En cualquier momento del día, Samuel recordaba la escena de cuando vio por primera vez a Guillermo, el clima era muy bueno mientras él se encontraba agachado en un rincón del patio hojeando un libro viejo de cuentos.
Actualmente Samuel lo había leído tantas veces que podía esbozar el contorno de las imágenes y las historias de cada página en su mente al cerrar los ojos, hallándoles un efecto tridimensional real. Como sea, él seguía mirándolo con gran interés, quizá porque era lo único que poseía.
Años atrás, él y la mayoría de las niñas del orfanato soñaban con un príncipe que llegara montando un caballo blanco, de rostro hermoso y esplendidos atuendos y blandiera una espada majestuosa con la cual derrotara al enorme dragón que los vigilaba para poder rescatarlos cual princesas de aquel horrible castillo.
Samuel continuaba hojeando una página en particular una y otra vez con gran envidia, mientras se imaginaba teniendo el final feliz de la historia: "y vivieron felices para siempre". Para ese entonces tenía 12 años, pero lucía más bajo y delgado debido a la desnutrición que no lo dejaba crecer al completo. Era tan frágil que no podía ni mantenerse de pie apropiadamente.
El lugar donde había crecido se llamaba "Orfanato Feliz". Todos los orfanatos del mundo no sólo llevaban ese nombre, si no venían acompañados de otros, como: "Felicidad", "Benevolencia", "Ángel" ... todos eran iguales.
Desafortunadamente, Samuel seguía sin entender el significado de "feliz". Obviamente no había ni pieza de este sentimiento cuando se vive en un orfanato. Por ejemplo, los niños solo podían ponerse ropa nueva cuando reporteros venían a cubrir alguna noticia, y durante la cena de nochebuena les servían una rebanada de cerdo ahumado en lugar de la ración de siempre, así como... eso es todo.
El mayor sueño de los niños al estar en el patio era ser adoptados, no importaba si era de una familia rica o no, mientras tuvieran un par de preciosos y cariñosos padres. Samuel era la excepción en este conjunto: no se atrevía a soñar debido a que no se sentía hermoso o inteligente, siendo aburrido y lento cuando estaba frente a un extraño. Así nadie lo elegiría.
Por eso dudó un largo tiempo antes de responder al llamado de una de las Hermanas
—Tú, si tu. Ven.
Tomó su preciado libro de cuentos y lo escondió tras de él. Empezó a asustarse un poco al mirar a aquel niño vestido con ropas lujosas que le hacía señas; estaba bien aseado, con un rostro hermoso adornado con un par de ojitos rasgados y una sonrisa deslumbrante que mostraba lo blancos y brillantes que eran sus dientes.
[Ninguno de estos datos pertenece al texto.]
lemma Endo_M_subring: "is_subring (Endo M)"
  using ideal_Endo_subring[OF M.is_ideal] .

lemma Endo_M_mult: "e \<in> Endo M \<Longrightarrow> m \<in> M \<Longrightarrow> e * m \<in> M"
  by (simp add: Endo_def)

lemma exists_M_combination_eq_mult:
  assumes N1: "maximal_ideal_in T N1" and N2: "maximal_ideal_in T N2" and N3: "maximal_ideal_in T N3"
    and e2: "e2 \<in> T" "e2 \<in> N1" "e2 \<in> N3" "e2 - 1 \<in> N2"
    and e3: "e3 \<in> T" "e3 \<in> N1" "e3 \<in> N2" "e3 - 1 \<in> N3" and m: "m \<in> M"
  obtains d d' w where "d \<in> M" "d' \<in> M" "w \<in> T" "w \<in> N1" "w - 1 \<in> N2"
    "d * e3 + d' = m * w"
proof -
  interpret N2: ring_ideal T N2 using maximal_ideal_T[OF N2] .
  interpret N3: ring_ideal T N3 using maximal_ideal_T[OF N3] .
  interpret N1: ring_ideal T N1 using maximal_ideal_T[OF N1] .
  define x where "x = m * e2 + e3"
  have x: "x \<in> T" "x \<in> N1" unfolding x_def using m e2 e3 by simp_all
  have "x - 1 = m * e2 + (e3 - 1)" unfolding x_def by simp
  moreover have "m * e2 + (e3 - 1) \<in> N3" using m e2 e3 by simp
  ultimately have x1: "x - 1 \<in> N3" by (simp only:)
  obtain a c where ac: "a \<in> R" "c \<in> R" "x * x = a * x + c"
    using square_relation[OF x(1)] .
  obtain a' c' where ac': "a' \<in> R" "c' \<in> R" "e3 * e3 = a' * e3 + c'"
    using square_relation[OF e3(1)] .
  have a1: "a - 1 \<in> M" using square_relation_coeff_mem[OF N1 N3 x(2) x1 ac] .
  have d: "a' - a \<in> M"
    using square_relation_coeff_mem[OF N1 N3 e3(2) e3(4) ac'] a1 M.ideal_diff by fastforce
  have d': "c' - c \<in> M"
    using square_relation_const_mem[OF N1 x(2) ac] square_relation_const_mem[OF N1 e3(2) ac'] by simp
  define w where "w = a * e2 - m * e2 * e2 - 2 * e2 * e3"
  have w: "w \<in> T" "w \<in> N1" unfolding w_def using ac e2 e3 m by simp_all
  have "w - 1 = a * (e2 - 1) + (a - 1) - m * e2 * e2 - 2 * e2 * e3"
    unfolding w_def by (simp add: algebra_simps)
  moreover have "a * (e2 - 1) + (a - 1) - m * e2 * e2 - 2 * e2 * e3 \<in> N2"
    using ac(1) e2 e3 a1 m M_subset_maximal_ideal[OF N2] by simp
  ultimately have w1: "w - 1 \<in> N2" by (simp only:)
  have "(a' - a) * e3 + (c' - c) = m * w"
    using ac(3) ac'(3) unfolding w_def x_def by (simp add: algebra_simps)
  with d d' w w1 show ?thesis by (rule that)
qed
Samuel sintió que su rostro había brillado tanto como el reflejo del sol en una piedra preciosa.
El niño que se asemejaba al príncipe del libro puso rudamente su mano sobre el hombro de Samuel y con la otra mano le apretó fuertemente la mejilla como si fuera un juguete.
—Aw, que tierno —la mano que había puesto en su hombro, ahora se encontraba sosteniendo un mechón de cabello—. ¡Mami, su cabello es más suave que el pelaje de Iris!
El rostro de Samuel estaba tan adolorido al punto de querer llorar, pero no se atrevía a hacerlo, solo pudo cerrar herméticamente su puño
—Guillermo Díaz, ¿Cómo puedes comparar a un humano con un perro? ¡No seas grosero!
El pequeño ignoró los reclamos de su padre y seguía ensimismado con el rostro del otro niño.
—¿Eres una chica? —preguntó sin ningún reparo.—Soy un chico... —respondió sacudiendo su cabeza.
—Diablos, eres un chico. —alejó ambas manos decepcionado, lo miró a los ojos y ahora posó ambas manos en el rostro del otro niño aún más fuerte —¿Qué es esto? Tu rostro simplemente parece al de una chica ¿Cómo puede ser que seas un chico? ¿Estás mintiendo? ¡Habla, explícamelo! —las lágrimas de Samuel casi caen de tan fuerte que lo apretaba—. Hey, ¿no quieres llorar? —Samuel mordió su labio inferior. La Hermana Superiora siempre le recordaba que llorar en frente de invitados es em comportamiento de una persona mal educada que se pagaba con el castigo de no cenar—. ¿Estas llorando? ¡Déjame verte llorar! —el apretón en su rostro se iba haciendo más fuerte— ¡No te apretaré más si lloras! —los ojos de Samuel estaban rebosantes en lágrimas, pero él parecía determinado, como pocas veces—. Realmente molesto. Tu no eres obediente. ¡Llora! ¡Llora rápido!